§ **Goal of the exercise**
The records sit below. Return every line in them that holds the word "forall".

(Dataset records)
□ □ □ □ □

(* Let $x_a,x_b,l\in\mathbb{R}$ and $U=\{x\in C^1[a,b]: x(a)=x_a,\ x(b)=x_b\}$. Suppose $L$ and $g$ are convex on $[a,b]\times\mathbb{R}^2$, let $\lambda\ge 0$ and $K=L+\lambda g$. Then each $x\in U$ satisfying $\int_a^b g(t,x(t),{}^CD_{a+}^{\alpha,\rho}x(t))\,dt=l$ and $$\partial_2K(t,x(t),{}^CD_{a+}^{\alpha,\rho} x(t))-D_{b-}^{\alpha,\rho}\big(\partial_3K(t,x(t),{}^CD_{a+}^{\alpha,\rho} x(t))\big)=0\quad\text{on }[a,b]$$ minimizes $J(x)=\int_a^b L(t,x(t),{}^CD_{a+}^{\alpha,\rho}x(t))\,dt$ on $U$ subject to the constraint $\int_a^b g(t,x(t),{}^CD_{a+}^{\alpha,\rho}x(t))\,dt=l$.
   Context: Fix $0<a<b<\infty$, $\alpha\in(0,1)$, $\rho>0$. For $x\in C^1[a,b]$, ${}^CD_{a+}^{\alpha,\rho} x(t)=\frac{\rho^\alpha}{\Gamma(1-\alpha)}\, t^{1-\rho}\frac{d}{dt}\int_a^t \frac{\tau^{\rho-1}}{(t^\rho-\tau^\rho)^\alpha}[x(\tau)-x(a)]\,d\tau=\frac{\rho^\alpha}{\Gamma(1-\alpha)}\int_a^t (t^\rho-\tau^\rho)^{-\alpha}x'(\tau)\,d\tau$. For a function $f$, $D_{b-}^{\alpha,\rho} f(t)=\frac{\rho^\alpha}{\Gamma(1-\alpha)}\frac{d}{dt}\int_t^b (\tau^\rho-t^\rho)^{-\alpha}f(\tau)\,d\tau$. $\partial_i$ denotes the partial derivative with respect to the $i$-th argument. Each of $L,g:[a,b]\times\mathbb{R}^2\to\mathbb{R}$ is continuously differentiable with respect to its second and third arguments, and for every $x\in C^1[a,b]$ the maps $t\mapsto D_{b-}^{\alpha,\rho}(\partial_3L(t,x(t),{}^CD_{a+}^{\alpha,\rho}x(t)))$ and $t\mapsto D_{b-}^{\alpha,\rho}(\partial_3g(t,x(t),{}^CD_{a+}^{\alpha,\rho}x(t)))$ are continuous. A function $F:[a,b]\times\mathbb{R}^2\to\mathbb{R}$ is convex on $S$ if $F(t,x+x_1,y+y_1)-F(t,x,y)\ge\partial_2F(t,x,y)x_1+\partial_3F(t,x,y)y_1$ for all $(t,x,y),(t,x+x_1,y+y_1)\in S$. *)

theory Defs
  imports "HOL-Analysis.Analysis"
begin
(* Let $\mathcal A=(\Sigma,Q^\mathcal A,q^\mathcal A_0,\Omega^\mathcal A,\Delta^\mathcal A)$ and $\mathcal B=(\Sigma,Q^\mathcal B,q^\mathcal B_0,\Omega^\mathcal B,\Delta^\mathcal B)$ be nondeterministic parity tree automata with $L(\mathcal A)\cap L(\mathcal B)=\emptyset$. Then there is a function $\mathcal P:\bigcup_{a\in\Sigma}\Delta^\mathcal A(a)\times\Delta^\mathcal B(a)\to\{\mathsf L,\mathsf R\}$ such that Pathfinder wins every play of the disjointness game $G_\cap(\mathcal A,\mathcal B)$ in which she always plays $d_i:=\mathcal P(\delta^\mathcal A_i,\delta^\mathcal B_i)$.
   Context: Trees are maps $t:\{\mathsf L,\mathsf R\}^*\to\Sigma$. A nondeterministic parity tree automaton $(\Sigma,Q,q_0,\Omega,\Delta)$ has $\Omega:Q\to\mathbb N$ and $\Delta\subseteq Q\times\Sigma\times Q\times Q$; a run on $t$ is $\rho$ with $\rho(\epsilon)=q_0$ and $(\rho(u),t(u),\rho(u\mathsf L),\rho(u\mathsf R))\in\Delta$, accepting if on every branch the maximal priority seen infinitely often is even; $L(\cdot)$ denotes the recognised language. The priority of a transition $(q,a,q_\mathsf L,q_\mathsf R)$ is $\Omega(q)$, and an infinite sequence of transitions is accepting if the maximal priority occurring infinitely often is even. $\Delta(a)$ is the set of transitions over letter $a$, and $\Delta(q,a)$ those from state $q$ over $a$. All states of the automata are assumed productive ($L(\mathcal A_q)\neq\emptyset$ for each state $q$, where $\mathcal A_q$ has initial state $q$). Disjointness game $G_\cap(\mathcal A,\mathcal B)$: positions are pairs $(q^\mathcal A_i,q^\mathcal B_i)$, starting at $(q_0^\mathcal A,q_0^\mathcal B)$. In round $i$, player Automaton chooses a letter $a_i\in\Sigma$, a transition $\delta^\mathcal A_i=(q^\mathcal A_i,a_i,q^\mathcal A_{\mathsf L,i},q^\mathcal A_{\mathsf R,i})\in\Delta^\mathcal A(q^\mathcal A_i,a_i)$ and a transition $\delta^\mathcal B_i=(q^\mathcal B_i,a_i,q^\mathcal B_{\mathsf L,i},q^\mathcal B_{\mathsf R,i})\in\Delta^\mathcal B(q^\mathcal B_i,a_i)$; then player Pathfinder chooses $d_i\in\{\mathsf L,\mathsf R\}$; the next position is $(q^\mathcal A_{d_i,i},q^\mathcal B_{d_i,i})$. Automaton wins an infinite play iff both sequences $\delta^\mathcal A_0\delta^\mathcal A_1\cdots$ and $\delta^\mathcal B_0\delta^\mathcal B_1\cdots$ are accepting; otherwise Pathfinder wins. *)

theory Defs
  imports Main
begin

□ □ □ □ □

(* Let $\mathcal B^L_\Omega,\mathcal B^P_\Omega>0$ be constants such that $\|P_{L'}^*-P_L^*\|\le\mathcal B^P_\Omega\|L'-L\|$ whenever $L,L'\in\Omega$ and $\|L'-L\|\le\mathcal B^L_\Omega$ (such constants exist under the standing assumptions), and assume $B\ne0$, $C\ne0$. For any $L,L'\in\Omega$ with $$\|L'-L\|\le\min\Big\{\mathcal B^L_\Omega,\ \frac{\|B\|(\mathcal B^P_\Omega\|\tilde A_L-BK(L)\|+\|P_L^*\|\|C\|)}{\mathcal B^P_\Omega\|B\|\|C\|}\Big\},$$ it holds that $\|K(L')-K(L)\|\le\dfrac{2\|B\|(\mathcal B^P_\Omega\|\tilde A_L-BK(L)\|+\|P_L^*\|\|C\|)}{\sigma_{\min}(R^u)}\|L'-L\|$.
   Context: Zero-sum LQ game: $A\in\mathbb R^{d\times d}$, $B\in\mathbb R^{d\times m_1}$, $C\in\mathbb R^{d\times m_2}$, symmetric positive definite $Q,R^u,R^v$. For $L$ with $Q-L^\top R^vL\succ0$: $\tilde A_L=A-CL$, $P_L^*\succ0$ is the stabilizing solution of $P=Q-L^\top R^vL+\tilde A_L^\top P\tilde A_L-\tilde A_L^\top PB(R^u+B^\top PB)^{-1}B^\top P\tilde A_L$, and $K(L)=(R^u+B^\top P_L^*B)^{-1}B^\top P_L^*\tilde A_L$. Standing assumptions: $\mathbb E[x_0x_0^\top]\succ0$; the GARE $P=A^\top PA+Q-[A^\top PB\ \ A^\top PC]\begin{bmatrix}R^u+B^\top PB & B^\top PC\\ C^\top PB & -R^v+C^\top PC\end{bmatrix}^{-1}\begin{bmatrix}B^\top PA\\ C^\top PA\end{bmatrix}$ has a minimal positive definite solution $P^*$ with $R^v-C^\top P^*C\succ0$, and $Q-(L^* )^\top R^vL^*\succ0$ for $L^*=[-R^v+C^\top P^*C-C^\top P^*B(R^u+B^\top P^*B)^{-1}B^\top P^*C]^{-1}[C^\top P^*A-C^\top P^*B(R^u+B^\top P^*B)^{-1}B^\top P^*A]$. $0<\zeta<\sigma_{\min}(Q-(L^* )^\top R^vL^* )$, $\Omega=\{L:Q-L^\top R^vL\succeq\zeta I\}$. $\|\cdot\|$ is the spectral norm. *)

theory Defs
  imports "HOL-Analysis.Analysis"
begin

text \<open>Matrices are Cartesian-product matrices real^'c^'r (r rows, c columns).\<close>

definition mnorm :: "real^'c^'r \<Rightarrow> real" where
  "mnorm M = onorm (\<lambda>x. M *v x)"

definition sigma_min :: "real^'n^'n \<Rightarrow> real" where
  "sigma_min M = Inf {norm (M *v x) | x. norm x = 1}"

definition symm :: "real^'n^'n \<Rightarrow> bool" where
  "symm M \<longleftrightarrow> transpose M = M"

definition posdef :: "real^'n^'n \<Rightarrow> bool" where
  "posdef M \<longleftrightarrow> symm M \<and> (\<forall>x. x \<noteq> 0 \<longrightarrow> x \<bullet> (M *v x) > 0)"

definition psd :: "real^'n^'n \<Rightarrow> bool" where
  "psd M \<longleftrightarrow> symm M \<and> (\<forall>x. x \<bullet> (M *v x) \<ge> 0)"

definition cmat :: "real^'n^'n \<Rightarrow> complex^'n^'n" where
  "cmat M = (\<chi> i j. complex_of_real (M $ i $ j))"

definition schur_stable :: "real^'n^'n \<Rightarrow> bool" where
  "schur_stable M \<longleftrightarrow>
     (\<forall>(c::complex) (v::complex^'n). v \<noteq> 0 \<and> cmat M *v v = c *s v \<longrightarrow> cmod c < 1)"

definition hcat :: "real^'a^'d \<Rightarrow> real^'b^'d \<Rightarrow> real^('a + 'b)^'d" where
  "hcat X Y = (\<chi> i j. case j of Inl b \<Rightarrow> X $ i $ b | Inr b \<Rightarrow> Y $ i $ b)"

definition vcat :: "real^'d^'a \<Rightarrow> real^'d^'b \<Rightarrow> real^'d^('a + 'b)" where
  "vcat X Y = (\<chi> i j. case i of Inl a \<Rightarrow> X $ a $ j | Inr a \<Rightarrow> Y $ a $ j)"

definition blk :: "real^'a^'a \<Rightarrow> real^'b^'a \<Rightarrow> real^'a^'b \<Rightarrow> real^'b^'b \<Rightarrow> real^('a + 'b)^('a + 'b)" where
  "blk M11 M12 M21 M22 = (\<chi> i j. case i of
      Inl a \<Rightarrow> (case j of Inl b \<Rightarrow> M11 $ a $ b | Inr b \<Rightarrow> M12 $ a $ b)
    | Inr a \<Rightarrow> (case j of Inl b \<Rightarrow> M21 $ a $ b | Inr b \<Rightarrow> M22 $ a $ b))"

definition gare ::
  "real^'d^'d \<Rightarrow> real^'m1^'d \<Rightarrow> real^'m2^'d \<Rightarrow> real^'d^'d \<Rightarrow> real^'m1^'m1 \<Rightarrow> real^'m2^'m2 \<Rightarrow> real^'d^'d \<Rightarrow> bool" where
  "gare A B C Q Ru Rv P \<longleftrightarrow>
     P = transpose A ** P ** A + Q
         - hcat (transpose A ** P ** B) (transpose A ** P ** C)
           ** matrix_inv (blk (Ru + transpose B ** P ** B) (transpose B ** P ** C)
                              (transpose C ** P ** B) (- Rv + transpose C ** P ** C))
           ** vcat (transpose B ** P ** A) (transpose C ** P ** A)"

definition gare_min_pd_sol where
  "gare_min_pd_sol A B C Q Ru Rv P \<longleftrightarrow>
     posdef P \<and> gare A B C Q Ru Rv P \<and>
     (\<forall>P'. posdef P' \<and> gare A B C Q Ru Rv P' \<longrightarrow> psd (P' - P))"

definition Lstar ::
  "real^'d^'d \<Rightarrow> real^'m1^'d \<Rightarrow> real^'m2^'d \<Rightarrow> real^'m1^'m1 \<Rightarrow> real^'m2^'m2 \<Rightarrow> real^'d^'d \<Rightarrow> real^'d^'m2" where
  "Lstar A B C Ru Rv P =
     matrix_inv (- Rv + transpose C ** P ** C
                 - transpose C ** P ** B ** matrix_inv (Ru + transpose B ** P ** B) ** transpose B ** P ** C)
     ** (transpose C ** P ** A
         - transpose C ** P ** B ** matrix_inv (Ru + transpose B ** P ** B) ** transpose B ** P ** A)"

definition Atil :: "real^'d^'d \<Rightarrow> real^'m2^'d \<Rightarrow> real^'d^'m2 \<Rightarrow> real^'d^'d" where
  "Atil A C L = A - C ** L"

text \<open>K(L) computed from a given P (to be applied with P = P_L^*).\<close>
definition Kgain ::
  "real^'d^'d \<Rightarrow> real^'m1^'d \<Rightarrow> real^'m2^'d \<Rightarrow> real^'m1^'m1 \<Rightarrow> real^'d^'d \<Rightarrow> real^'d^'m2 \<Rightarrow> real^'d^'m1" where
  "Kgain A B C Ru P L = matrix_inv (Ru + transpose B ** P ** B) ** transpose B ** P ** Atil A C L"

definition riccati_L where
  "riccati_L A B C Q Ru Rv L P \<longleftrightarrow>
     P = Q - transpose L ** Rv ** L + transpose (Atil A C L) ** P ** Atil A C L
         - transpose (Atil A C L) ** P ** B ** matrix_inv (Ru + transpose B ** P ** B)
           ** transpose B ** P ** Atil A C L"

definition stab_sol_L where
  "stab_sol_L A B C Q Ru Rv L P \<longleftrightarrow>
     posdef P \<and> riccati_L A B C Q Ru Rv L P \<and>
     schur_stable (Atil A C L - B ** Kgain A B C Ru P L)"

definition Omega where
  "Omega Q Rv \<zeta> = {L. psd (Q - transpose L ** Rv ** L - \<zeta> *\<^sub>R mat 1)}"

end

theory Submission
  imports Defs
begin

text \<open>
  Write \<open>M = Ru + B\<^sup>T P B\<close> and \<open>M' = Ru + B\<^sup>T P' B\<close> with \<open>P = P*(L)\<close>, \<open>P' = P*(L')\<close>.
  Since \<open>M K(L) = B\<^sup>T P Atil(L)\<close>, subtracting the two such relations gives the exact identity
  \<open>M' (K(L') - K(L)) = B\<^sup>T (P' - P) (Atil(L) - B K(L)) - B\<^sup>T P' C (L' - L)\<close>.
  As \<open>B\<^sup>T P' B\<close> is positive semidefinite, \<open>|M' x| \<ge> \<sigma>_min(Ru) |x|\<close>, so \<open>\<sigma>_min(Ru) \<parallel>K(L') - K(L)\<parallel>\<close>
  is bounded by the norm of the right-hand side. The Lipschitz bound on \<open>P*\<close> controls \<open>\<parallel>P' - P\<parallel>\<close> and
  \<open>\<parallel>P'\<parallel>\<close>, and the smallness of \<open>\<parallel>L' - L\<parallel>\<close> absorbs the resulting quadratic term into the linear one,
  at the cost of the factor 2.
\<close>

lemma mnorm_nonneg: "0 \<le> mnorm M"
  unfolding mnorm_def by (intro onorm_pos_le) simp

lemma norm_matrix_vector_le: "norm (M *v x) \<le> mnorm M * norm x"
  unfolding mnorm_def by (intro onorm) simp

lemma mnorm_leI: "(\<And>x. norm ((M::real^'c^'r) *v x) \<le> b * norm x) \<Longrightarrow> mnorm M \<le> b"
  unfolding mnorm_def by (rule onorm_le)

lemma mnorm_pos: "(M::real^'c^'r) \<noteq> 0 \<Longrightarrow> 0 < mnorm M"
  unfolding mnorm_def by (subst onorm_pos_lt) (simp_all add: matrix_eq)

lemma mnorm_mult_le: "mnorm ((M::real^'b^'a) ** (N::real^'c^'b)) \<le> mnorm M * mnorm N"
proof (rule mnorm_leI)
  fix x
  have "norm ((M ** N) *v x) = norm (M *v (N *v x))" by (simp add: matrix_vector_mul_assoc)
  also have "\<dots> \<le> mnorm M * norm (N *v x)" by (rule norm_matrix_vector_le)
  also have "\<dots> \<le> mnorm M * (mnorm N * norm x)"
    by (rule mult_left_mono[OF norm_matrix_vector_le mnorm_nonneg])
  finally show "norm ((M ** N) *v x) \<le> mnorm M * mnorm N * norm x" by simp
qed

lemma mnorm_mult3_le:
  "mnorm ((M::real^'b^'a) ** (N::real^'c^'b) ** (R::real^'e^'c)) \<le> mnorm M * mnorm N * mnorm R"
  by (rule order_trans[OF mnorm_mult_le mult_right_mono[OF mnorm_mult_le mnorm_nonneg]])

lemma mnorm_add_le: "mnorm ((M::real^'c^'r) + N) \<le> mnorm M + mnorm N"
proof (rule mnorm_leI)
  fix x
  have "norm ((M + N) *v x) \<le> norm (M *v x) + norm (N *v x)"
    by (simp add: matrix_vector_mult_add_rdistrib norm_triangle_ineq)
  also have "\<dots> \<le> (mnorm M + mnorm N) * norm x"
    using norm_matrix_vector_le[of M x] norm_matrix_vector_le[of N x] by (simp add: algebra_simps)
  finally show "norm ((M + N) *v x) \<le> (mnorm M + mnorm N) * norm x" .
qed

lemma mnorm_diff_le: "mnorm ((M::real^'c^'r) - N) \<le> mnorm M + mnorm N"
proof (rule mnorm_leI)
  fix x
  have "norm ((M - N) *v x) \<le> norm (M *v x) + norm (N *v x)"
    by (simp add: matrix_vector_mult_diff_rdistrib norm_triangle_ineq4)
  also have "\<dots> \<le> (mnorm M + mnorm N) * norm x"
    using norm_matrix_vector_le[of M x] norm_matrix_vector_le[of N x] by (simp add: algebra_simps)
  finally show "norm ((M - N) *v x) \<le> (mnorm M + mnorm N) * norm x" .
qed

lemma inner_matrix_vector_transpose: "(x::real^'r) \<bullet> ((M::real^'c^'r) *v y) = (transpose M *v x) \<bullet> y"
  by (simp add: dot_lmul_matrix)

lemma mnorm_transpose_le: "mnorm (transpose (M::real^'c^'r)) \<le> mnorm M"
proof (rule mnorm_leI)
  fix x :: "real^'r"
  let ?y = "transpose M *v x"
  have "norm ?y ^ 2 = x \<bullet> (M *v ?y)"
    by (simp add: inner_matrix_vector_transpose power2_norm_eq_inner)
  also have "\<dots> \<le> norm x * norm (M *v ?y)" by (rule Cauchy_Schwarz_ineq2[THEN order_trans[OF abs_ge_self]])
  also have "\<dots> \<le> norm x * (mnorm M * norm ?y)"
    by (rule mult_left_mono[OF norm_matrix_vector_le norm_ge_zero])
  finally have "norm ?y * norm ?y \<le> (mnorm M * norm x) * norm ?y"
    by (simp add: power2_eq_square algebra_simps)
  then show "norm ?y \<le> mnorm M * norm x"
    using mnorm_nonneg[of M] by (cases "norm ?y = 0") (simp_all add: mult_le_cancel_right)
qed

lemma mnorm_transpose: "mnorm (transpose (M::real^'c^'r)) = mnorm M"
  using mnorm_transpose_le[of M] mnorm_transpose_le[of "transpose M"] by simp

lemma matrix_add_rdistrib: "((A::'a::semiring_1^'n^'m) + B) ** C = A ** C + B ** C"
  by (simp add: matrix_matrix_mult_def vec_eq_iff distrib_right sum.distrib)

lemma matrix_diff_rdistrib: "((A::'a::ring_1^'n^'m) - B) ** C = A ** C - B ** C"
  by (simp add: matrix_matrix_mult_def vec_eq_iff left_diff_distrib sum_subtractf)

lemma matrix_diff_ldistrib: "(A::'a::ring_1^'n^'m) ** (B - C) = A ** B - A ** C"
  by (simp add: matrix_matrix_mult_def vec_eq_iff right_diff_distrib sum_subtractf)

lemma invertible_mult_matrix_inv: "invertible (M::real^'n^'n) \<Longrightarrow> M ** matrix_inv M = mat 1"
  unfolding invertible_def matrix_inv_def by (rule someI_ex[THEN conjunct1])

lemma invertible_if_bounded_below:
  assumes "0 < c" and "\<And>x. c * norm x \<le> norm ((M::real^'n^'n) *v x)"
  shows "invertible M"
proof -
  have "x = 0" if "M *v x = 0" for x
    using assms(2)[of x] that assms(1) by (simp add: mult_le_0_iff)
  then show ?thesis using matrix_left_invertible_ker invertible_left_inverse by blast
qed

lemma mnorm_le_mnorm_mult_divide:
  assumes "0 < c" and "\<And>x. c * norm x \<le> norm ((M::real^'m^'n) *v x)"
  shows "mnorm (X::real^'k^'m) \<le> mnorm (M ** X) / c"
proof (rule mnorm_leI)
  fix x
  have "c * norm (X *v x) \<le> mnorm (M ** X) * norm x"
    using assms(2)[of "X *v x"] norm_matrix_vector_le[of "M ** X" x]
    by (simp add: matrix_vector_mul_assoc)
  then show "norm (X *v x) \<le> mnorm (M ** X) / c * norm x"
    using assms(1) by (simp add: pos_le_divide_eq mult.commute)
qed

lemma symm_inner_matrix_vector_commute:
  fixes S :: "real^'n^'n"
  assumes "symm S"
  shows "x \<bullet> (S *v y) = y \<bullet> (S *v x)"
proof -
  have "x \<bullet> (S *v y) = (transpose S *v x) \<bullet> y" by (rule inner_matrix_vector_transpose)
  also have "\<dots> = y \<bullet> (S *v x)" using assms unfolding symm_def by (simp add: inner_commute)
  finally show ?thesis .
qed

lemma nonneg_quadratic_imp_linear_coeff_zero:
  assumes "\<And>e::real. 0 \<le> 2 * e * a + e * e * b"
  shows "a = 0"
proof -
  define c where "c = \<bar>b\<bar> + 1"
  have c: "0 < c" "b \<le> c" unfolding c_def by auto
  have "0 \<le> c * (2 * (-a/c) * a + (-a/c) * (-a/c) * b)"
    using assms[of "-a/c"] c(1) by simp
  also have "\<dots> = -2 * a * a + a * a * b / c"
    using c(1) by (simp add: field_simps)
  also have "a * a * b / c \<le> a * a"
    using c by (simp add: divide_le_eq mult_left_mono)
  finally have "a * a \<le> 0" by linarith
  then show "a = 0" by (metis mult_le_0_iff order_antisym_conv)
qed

□ □ □ □ □

§ **Answer box**
  "posdef M \<longleftrightarrow> symm M \<and> (\<forall>x. x \<noteq> 0 \<longrightarrow> x \<bullet> (M *v x) > 0)"
  "psd M \<longleftrightarrow> symm M \<and> (\<forall>x. x \<bullet> (M *v x) \<ge> 0)"
     (\<forall>(c::complex) (v::complex^'n). v \<noteq> 0 \<and> cmat M *v v = c *s v \<longrightarrow> cmod c < 1)"
     (\<forall>P'. posdef P' \<and> gare A B C Q Ru Rv P' \<longrightarrow> psd (P' - P))"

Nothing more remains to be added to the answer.